lemma cis_integral_eq:
  assumes "c \<noteq> 0" "0 \<le> s"
  shows "cis_integral s c = (cis (s * c) - cis (-s * c)) / (\<i> * c)"
  unfolding cis_integral_def diff_divide_distrib
proof (rule integral_FTC_atLeastAtMost)
  fix x
  show "((\<lambda>t. cis (t * c) / (\<i> * c)) has_vector_derivative cis (x * c)) (at x within {-s..s})"
    using assms unfolding has_vector_derivative_def
    by (auto intro!: derivative_eq_intros ext simp: scaleR_conv_of_real field_simps)
qed (use assms in \<open>auto intro!: continuous_intros\<close>)

lemma norm_cis_integral_le:
  assumes "c \<noteq> 0" "0 \<le> s"
  shows "norm (cis_integral s c) \<le> 2 / \<bar>c\<bar>"
proof -
  have "norm (cis (s * c) - cis (-s * c)) \<le> 2"
    using norm_triangle_ineq4[of "cis (s * c)" "cis (-s * c)"] by simp
  with assms show ?thesis
    by (simp add: cis_integral_eq norm_divide norm_mult divide_right_mono)
qed

lemma tendsto_cis_mean: "((\<lambda>s. cis_mean s c) \<longlongrightarrow> of_bool (c = 0)) at_top"
proof (cases "c = 0")
  case True
  have "\<forall>\<^sub>F s in at_top. cis_mean s c = 1"
    using eventually_gt_at_top[of "0::real"]
    by eventually_elim (simp add: True cis_mean_def cis_integral_0 scaleR_conv_of_real)
  then show ?thesis
    using True by (simp add: tendsto_eventually)
next
  case False
  have "\<forall>\<^sub>F s in at_top. norm (cis_mean s c) \<le> 1 / (s * \<bar>c\<bar>)"
    using eventually_gt_at_top[of "0::real"]
  proof eventually_elim
    case (elim s)
    have "norm (cis_mean s c) = norm (cis_integral s c) / (2 * s)"
      using elim by (simp add: cis_mean_def)
    also have "\<dots> \<le> (2 / \<bar>c\<bar>) / (2 * s)"
      using elim False by (intro divide_right_mono norm_cis_integral_le) auto
    finally show ?case
      by (simp add: mult.commute)
  qed
  moreover have "((\<lambda>s. 1 / (s * \<bar>c\<bar>)) \<longlongrightarrow> 0) at_top"
    using False by (intro tendsto_divide_0[OF tendsto_const] filterlim_at_top_imp_at_infinity
        filterlim_at_top_mult_tendsto_pos[OF tendsto_const] filterlim_ident) auto
  ultimately show ?thesis
    using False by (simp add: Lim_null_comparison)
qed

lemma integral_pair_pmf_real:
  fixes h :: "'a \<times> 'b \<Rightarrow> real"
  assumes "\<And>x. \<bar>h x\<bar> \<le> C"
  shows "(\<integral>x. h x \<partial>pair_pmf A B) = (\<integral>a. \<integral>b. h (a, b) \<partial>B \<partial>A)"
proof -
  have "(\<integral>x. h x \<partial>pair_pmf A B) = (\<integral>x. h x \<partial>(measure_pmf A \<bind> (\<lambda>a. measure_pmf (map_pmf (Pair a) B))))"
    by (simp add: pair_pmf_def map_pmf_def measure_pmf_bind)
  also have "\<dots> = (\<integral>a. (\<integral>x. h x \<partial>map_pmf (Pair a) B) \<partial>A)"
    using assms
    by (intro integral_bind[where K="count_space UNIV" and B=C and B'=1])
       (auto simp: measure_pmf_in_subprob_space measure_pmf.emeasure_space_1
             intro: measure_pmf.finite_measure_axioms)
  finally show ?thesis
    by simp
qed

text \<open>The library states \<open>integral_bind\<close> for real-valued functions only; the complex case is
  reduced to it through the bounded linear functionals \<open>Re\<close> and \<open>Im\<close>.\<close>

lemma integral_pair_pmf:
  fixes h :: "'a \<times> 'b \<Rightarrow> complex"
  assumes h: "\<And>x. norm (h x) \<le> C"
  shows "(\<integral>x. h x \<partial>pair_pmf A B) = (\<integral>a. \<integral>b. h (a, b) \<partial>B \<partial>A)"
proof -
  have integrable: "integrable (measure_pmf M) f" if "\<And>x. norm (f x) \<le> C" for M and f :: "'c \<Rightarrow> complex"
    using that by (intro measure_pmf.integrable_const_bound[where B=C]) auto
  have inner_bound: "norm (\<integral>b. h (a, b) \<partial>B) \<le> C" for a
  proof -
    have "norm (\<integral>b. h (a, b) \<partial>B) \<le> (\<integral>b. norm (h (a, b)) \<partial>B)"
      by (rule integral_norm_bound)
    also have "\<dots> \<le> C"
      using h by (intro measure_pmf.integral_le_const integrable_norm integrable) auto
    finally show ?thesis .
  qed
  have "T (\<integral>x. h x \<partial>pair_pmf A B) = T (\<integral>a. \<integral>b. h (a, b) \<partial>B \<partial>A)"
    if T: "bounded_linear T" for T :: "complex \<Rightarrow> real"
  proof -
    obtain K where K: "\<And>z. norm (T z) \<le> norm z * K" "K > 0"
      using bounded_linear.pos_bounded[OF T] by blast
    have "\<bar>T (h x)\<bar> \<le> C * K" for x
      using K h[of x] by (metis real_norm_def mult_right_mono order_trans less_le)
    then have "(\<integral>x. T (h x) \<partial>pair_pmf A B) = (\<integral>a. \<integral>b. T (h (a, b)) \<partial>B \<partial>A)"
      by (rule integral_pair_pmf_real)
    then show ?thesis
      using h inner_bound
      by (simp add: integral_bounded_linear[OF T, symmetric] integrable)
  qed
  from this[OF bounded_linear_Re] this[OF bounded_linear_Im] show ?thesis
    by (rule complex_eqI)
qed

definition diff_pmf :: "'a::minus pmf \<Rightarrow> 'a pmf \<Rightarrow> 'a pmf" where
  "diff_pmf A B = map_pmf (\<lambda>(a, b). a - b) (pair_pmf A B)"

lemma inner_d_diff: "inner_d d t (a - b) = inner_d d t a - inner_d d t b"
  by (simp add: inner_d_def sum_subtractf right_diff_distrib)

lemma char_fun_mult_cnj:
  "char_fun d A t * cnj (char_fun d B t) = char_fun d (diff_pmf A B) t"
proof -
  have "char_fun d (diff_pmf A B) t = (\<integral>x. cis (inner_d d t (fst x) - inner_d d t (snd x)) \<partial>pair_pmf A B)"
    by (simp add: char_fun_def diff_pmf_def case_prod_unfold inner_d_diff)
  also have "\<dots> = (\<integral>a. \<integral>b. cis (inner_d d t a) * cnj (cis (inner_d d t b)) \<partial>B \<partial>A)"
    by (subst integral_pair_pmf[where C=1]) (simp_all add: cis_cnj cis_mult)
  also have "\<dots> = char_fun d A t * cnj (char_fun d B t)"
    by (simp add: char_fun_def)
  finally show ?thesis ..
qed

abbreviation lborel_d :: "nat \<Rightarrow> (nat \<Rightarrow> real) measure" where
  "lborel_d d \<equiv> PiM {..<d} (\<lambda>_. lborel)"

definition box_cis :: "nat \<Rightarrow> (nat \<Rightarrow> real) \<Rightarrow> (nat \<Rightarrow> real) \<Rightarrow> (nat \<Rightarrow> real) \<Rightarrow> complex" where
  "box_cis d \<tau> c t = (\<Prod>j<d. indicator {-\<tau> j..\<tau> j} (t j) *\<^sub>R cis (t j * c j))"

lemma cis_sum: "finite I \<Longrightarrow> cis (\<Sum>j\<in>I. f j) = (\<Prod>j\<in>I. cis (f j))"
  by (simp add: cis_conv_exp sum_distrib_left exp_sum)

lemma box_cis_eq:
  assumes "t \<in> PiE {..<d} (\<lambda>_. UNIV)"
  shows "box_cis d \<tau> c t = indicator (box_d d \<tau>) t *\<^sub>R cis (inner_d d t c)"
proof -
  have "indicator (box_d d \<tau>) t = (\<Prod>j<d. indicator {-\<tau> j..\<tau> j} (t j) :: real)"
    using assms by (auto simp: box_d_def indicator_def PiE_iff)
  then show ?thesis
    by (simp add: box_cis_def inner_d_def cis_sum scaleR_conv_of_real prod.distrib of_real_prod)
qed

lemma borel_measurable_cis [measurable]: "cis \<in> borel_measurable borel"
  by (intro borel_measurable_continuous_onI continuous_on_cis continuous_on_id)

lemma measurable_box_cis:
  "(\<lambda>(t, c). box_cis d \<tau> c t) \<in> borel_measurable (lborel_d d \<Otimes>\<^sub>M measure_pmf R)"
proof -
  have [measurable]: "(\<lambda>z. snd z j) \<in> borel_measurable (lborel_d d \<Otimes>\<^sub>M measure_pmf R)" for j
    by (rule measurable_compose[OF measurable_snd]) simp
  show ?thesis
    unfolding box_cis_def by measurable
qed

lemma product_sigma_finite_lborel: "product_sigma_finite (\<lambda>_. lborel :: real measure)"
  by (intro product_sigma_finite.intro sigma_finite_lborel)

lemma pair_sigma_finite_lborel_d_pmf: "pair_sigma_finite (lborel_d d) (measure_pmf R)"
  by (intro pair_sigma_finite.intro measure_pmf.sigma_finite_measure_axioms
        product_sigma_finite.sigma_finite[OF product_sigma_finite_lborel]) simp

lemma integral_box_cis: "(\<integral>t. box_cis d \<tau> c t \<partial>lborel_d d) = (\<Prod>j<d. cis_integral (\<tau> j) (c j))"
  unfolding box_cis_def cis_integral_def
  by (rule product_sigma_finite.product_integral_prod[OF product_sigma_finite_lborel])
     (auto intro: integrable_cis_interval)

lemma integrable_box_cis:
  "integrable (lborel_d d \<Otimes>\<^sub>M measure_pmf R) (\<lambda>(t, c). box_cis d \<tau> c t)"
proof -
  interpret pair_sigma_finite "lborel_d d" "measure_pmf R"
    by (rule pair_sigma_finite_lborel_d_pmf)
  have norm_box_cis: "norm (box_cis d \<tau> c t) = (\<Prod>j<d. indicator {-\<tau> j..\<tau> j} (t j))" for c t
    unfolding box_cis_def prod_norm[symmetric] by (simp add: indicator_def)
  have "integrable (lborel_d d) (\<lambda>t. \<Prod>j<d. indicator {-\<tau> j..\<tau> j} (t j) :: real)"
    by (intro product_sigma_finite.product_integrable_prod[OF product_sigma_finite_lborel])
       (auto simp: emeasure_lborel_Icc_eq)
  moreover have "integrable (measure_pmf R) (\<lambda>c. box_cis d \<tau> c t)" for t
    by (rule measure_pmf.integrable_const_bound[where B=1])
       (auto simp: norm_box_cis indicator_def intro!: prod_le_1)
  ultimately show ?thesis
    by (intro Fubini_integrable measurable_box_cis) (auto simp: norm_box_cis)
qed

lemma box_char_fun_eq_integral_box_cis:
  assumes "t \<in> space (lborel_d d)"
  shows "indicator (box_d d \<tau>) t *\<^sub>R char_fun d R t = (\<integral>c. box_cis d \<tau> c t \<partial>R)"
  using assms by (simp add: box_cis_eq space_PiM char_fun_def)

lemma integrable_box_char_fun:
  "integrable (lborel_d d) (\<lambda>t. indicator (box_d d \<tau>) t *\<^sub>R char_fun d R t)"
proof -
  interpret pair_sigma_finite "lborel_d d" "measure_pmf R"
    by (rule pair_sigma_finite_lborel_d_pmf)
  have "integrable (lborel_d d) (\<lambda>t. \<integral>c. box_cis d \<tau> c t \<partial>R)"
    using integrable_fst'[OF integrable_box_cis] by simp
  then show ?thesis
    by (rule Bochner_Integration.integrable_cong[OF refl, THEN iffD2, rotated])
       (simp add: box_char_fun_eq_integral_box_cis)
qed

lemma integral_box_char_fun:
  "(\<integral>t. indicator (box_d d \<tau>) t *\<^sub>R char_fun d R t \<partial>lborel_d d)
     = (\<integral>c. (\<Prod>j<d. cis_integral (\<tau> j) (c j)) \<partial>R)"
proof -
  interpret pair_sigma_finite "lborel_d d" "measure_pmf R"
    by (rule pair_sigma_finite_lborel_d_pmf)
  have "(\<integral>t. indicator (box_d d \<tau>) t *\<^sub>R char_fun d R t \<partial>lborel_d d)
      = (\<integral>t. \<integral>c. box_cis d \<tau> c t \<partial>R \<partial>lborel_d d)"
    by (intro Bochner_Integration.integral_cong box_char_fun_eq_integral_box_cis refl)
  also have "\<dots> = (\<integral>c. \<integral>t. box_cis d \<tau> c t \<partial>lborel_d d \<partial>R)"
    using Fubini_integral[of "\<lambda>t c. box_cis d \<tau> c t"] integrable_box_cis by simp
  finally show ?thesis
    by (simp add: integral_box_cis)
qed
(* Let $\lambda$ be a regular uncountable cardinal, $\kappa<\lambda$, and $\mathcal{C}=\langle\mathcal{C}_\alpha\mid\alpha<\lambda\rangle$ a coherent sequence of length $\lambda$ and width $<\kappa$. Suppose there is an unbounded $A\subseteq\lambda$ such that for every $\alpha\in A$ there is $C\in\mathcal{C}_\alpha$ with $A\cap\alpha\subseteq C$. Then $\mathcal{C}$ has a thread.
   Context: For a set of ordinals $A$, $\mathrm{acc}(A)$ is the set of $\beta<\sup\{\alpha+1\mid\alpha\in A\}$ with $\beta=\sup(A\cap\beta)$. A coherent sequence of length $\lambda$ and width $<\eta$ is $\mathcal{C}=\langle\mathcal{C}_\alpha\mid\alpha<\lambda\rangle$ where each $\mathcal{C}_\alpha$ is a nonempty set of fewer than $\eta$ closed unbounded subsets of $\alpha$ (for successor $\alpha=\beta+1$, $\mathcal{C}_\alpha=\{\{\beta\}\}$), such that for all $\beta<\lambda$, $C\in\mathcal{C}_\beta$ and $\alpha\in\mathrm{acc}(C)$, $C\cap\alpha\in\mathcal{C}_\alpha$. A thread through $\mathcal{C}$ is a club $D\subseteq\lambda$ with $D\cap\alpha\in\mathcal{C}_\alpha$ for all $\alpha\in\mathrm{acc}(D)$. *)

theory Defs
  imports Main
begin

text \<open>The regular cardinal lambda is represented by a cardinal well-order r
  (Card_order r); ordinals below lambda are the elements of Field r, and the
  ordinal alpha is identified with its strict initial segment underS r alpha.\<close>

definition lt :: "'a rel \<Rightarrow> 'a \<Rightarrow> 'a \<Rightarrow> bool" where
  "lt r x y \<equiv> x \<noteq> y \<and> (x, y) \<in> r"

definition is_sup_below :: "'a rel \<Rightarrow> 'a set \<Rightarrow> 'a \<Rightarrow> bool" where
  "is_sup_below r A \<beta> \<equiv> \<forall>\<gamma>. lt r \<gamma> \<beta> \<longrightarrow> (\<exists>x\<in>A. lt r \<gamma> x \<and> lt r x \<beta>)"

text \<open>acc(A) = {beta < sup{alpha+1 | alpha \<in> A}. beta = sup(A \<inter> beta)};
  beta < sup{alpha+1 | alpha \<in> A} iff beta \<le> alpha for some alpha \<in> A.\<close>
definition acc :: "'a rel \<Rightarrow> 'a set \<Rightarrow> 'a set" where
  "acc r A \<equiv> {\<beta> \<in> Field r. (\<exists>\<alpha>\<in>A. (\<beta>, \<alpha>) \<in> r) \<and> is_sup_below r A \<beta>}"

definition club_below :: "'a rel \<Rightarrow> 'a \<Rightarrow> 'a set \<Rightarrow> bool" where
  "club_below r \<alpha> C \<equiv> C \<subseteq> underS r \<alpha>
     \<and> (\<forall>\<gamma>\<in>underS r \<alpha>. \<exists>x\<in>C. lt r \<gamma> x)
     \<and> (\<forall>\<beta>\<in>underS r \<alpha>. (\<exists>x. lt r x \<beta>) \<and> is_sup_below r C \<beta> \<longrightarrow> \<beta> \<in> C)"

definition club_in :: "'a rel \<Rightarrow> 'a set \<Rightarrow> bool" where
  "club_in r D \<equiv> D \<subseteq> Field r
     \<and> (\<forall>\<gamma>\<in>Field r. \<exists>x\<in>D. lt r \<gamma> x)
     \<and> (\<forall>\<beta>\<in>Field r. (\<exists>x. lt r x \<beta>) \<and> is_sup_below r D \<beta> \<longrightarrow> \<beta> \<in> D)"

definition is_succ :: "'a rel \<Rightarrow> 'a \<Rightarrow> 'a \<Rightarrow> bool" where
  "is_succ r \<beta> \<alpha> \<equiv> lt r \<beta> \<alpha> \<and> \<not> (\<exists>\<gamma>. lt r \<beta> \<gamma> \<and> lt r \<gamma> \<alpha>)"

definition coherent_seq :: "'a rel \<Rightarrow> 'b rel \<Rightarrow> ('a \<Rightarrow> 'a set set) \<Rightarrow> bool" where
  "coherent_seq r \<eta> \<C> \<equiv>
     (\<forall>\<alpha>\<in>Field r. \<C> \<alpha> \<noteq> {} \<and> (card_of (\<C> \<alpha>), \<eta>) \<in> ordLess
        \<and> (\<forall>\<beta>. is_succ r \<beta> \<alpha> \<longrightarrow> \<C> \<alpha> = {{\<beta>}})
        \<and> ((\<nexists>\<beta>. is_succ r \<beta> \<alpha>) \<longrightarrow> (\<forall>C\<in>\<C> \<alpha>. club_below r \<alpha> C)))
   \<and> (\<forall>\<beta>\<in>Field r. \<forall>C\<in>\<C> \<beta>. \<forall>\<alpha>\<in>acc r C. C \<inter> underS r \<alpha> \<in> \<C> \<alpha>)"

++++

Work order:
Show every line of the data that includes the string "assumes".

Result:
  assumes "c \<noteq> 0" "0 \<le> s"
  assumes "c \<noteq> 0" "0 \<le> s"
  assumes "\<And>x. \<bar>h x\<bar> \<le> C"
  assumes h: "\<And>x. norm (h x) \<le> C"
  assumes "t \<in> PiE {..<d} (\<lambda>_. UNIV)"
  assumes "t \<in> space (lborel_d d)"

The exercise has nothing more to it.